| EXERCISE OBJECTIVE |
Each line of the entries below that holds "induction" is needed, copied in full.

| DATA FOR THE TASK |

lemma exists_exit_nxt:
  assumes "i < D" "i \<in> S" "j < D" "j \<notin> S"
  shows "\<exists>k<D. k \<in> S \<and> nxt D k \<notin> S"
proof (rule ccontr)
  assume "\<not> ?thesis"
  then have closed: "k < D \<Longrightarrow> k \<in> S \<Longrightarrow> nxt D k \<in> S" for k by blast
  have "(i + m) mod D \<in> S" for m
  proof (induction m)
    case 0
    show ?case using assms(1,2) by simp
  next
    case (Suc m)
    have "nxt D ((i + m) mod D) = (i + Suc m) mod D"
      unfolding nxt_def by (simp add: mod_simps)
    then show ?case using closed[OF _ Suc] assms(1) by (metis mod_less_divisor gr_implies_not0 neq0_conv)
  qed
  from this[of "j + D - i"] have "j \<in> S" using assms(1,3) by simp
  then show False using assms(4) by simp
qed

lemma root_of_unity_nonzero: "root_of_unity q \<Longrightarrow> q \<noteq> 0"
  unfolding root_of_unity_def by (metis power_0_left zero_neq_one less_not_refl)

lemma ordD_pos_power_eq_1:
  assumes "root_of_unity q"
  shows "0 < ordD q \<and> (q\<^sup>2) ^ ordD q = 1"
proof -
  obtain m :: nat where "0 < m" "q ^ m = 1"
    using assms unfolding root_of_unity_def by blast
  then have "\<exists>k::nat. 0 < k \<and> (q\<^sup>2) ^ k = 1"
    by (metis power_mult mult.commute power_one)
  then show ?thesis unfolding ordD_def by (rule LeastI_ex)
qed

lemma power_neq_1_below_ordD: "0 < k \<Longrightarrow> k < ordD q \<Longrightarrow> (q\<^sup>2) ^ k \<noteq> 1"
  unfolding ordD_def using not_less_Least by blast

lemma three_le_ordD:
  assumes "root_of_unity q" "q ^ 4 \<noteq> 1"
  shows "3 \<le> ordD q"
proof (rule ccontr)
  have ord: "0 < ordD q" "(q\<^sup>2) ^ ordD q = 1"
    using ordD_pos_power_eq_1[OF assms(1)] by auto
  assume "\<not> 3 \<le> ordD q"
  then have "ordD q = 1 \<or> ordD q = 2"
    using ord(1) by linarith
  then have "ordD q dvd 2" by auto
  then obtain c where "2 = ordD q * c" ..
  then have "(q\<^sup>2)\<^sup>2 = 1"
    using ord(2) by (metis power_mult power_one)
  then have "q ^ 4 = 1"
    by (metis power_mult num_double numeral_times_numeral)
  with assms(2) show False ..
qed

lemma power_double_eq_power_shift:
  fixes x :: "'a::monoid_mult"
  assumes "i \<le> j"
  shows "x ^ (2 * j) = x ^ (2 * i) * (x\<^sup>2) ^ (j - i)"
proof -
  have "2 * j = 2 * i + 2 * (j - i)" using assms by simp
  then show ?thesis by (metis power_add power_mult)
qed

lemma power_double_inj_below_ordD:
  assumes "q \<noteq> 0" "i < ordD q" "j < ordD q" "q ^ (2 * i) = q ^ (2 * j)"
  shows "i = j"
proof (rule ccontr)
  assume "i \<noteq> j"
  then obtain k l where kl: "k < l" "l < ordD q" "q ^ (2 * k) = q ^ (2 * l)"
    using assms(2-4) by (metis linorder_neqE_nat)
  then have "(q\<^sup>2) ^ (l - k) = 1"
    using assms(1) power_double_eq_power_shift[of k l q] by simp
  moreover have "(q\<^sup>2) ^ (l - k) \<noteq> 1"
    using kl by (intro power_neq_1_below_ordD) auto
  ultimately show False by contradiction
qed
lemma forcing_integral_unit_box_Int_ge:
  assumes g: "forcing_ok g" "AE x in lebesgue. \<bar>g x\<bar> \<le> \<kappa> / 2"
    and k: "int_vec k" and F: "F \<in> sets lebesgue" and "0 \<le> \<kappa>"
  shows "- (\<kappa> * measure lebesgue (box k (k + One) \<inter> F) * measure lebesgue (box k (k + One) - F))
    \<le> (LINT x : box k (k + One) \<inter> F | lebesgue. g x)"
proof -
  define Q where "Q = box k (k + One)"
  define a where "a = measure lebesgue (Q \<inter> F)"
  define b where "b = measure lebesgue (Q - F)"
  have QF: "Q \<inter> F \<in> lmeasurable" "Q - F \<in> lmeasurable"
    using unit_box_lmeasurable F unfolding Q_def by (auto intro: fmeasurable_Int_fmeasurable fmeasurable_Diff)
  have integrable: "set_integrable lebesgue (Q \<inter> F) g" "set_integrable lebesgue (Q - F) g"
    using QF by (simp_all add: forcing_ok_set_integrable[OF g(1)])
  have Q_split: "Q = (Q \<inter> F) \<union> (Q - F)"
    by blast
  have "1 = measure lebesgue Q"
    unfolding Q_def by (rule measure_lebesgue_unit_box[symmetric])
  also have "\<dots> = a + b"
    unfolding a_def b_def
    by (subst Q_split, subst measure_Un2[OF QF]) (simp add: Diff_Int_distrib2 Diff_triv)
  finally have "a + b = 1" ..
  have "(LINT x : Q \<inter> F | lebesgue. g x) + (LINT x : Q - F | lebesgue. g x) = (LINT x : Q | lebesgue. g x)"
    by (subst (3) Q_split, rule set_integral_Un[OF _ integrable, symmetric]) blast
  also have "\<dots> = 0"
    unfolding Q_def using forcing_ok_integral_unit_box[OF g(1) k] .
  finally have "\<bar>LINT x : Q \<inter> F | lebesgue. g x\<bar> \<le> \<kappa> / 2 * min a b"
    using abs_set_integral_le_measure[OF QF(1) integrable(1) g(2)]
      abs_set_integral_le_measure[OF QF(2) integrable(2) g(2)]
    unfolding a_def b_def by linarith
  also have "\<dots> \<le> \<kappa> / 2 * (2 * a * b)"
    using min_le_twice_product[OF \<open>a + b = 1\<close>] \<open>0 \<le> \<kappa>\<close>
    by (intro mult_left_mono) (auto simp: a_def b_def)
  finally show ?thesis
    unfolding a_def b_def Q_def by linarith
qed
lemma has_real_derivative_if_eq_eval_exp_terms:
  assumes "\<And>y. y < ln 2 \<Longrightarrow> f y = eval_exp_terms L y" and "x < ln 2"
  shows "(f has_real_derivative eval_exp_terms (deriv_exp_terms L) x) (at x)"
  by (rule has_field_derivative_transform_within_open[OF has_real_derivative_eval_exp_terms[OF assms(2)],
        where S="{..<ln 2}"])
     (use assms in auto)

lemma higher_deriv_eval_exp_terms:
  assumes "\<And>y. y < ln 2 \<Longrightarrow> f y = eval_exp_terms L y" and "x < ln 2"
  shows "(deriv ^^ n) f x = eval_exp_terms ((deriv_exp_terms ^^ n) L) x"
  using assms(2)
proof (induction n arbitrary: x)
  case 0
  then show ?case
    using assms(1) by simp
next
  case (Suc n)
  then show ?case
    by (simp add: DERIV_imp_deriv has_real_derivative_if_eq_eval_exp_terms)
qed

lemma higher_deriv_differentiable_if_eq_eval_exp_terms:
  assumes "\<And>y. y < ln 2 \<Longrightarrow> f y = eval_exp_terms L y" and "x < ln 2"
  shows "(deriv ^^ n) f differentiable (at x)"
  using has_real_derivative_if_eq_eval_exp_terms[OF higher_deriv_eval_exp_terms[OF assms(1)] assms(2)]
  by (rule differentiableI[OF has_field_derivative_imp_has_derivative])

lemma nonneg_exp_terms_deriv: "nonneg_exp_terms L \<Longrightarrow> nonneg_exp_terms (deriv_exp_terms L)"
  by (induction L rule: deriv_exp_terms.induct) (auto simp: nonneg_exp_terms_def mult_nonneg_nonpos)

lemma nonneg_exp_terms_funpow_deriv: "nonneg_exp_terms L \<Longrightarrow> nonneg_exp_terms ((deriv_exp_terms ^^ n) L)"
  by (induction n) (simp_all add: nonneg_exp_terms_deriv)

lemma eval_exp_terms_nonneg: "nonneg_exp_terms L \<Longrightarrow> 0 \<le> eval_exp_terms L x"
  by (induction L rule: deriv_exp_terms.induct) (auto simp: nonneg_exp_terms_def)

| ANSWER TO THE PROBLEM |
  proof (induction m)
proof (induction n arbitrary: x)
  by (induction L rule: deriv_exp_terms.induct) (auto simp: nonneg_exp_terms_def mult_nonneg_nonpos)
  by (induction n) (simp_all add: nonneg_exp_terms_deriv)
  by (induction L rule: deriv_exp_terms.induct) (auto simp: nonneg_exp_terms_def)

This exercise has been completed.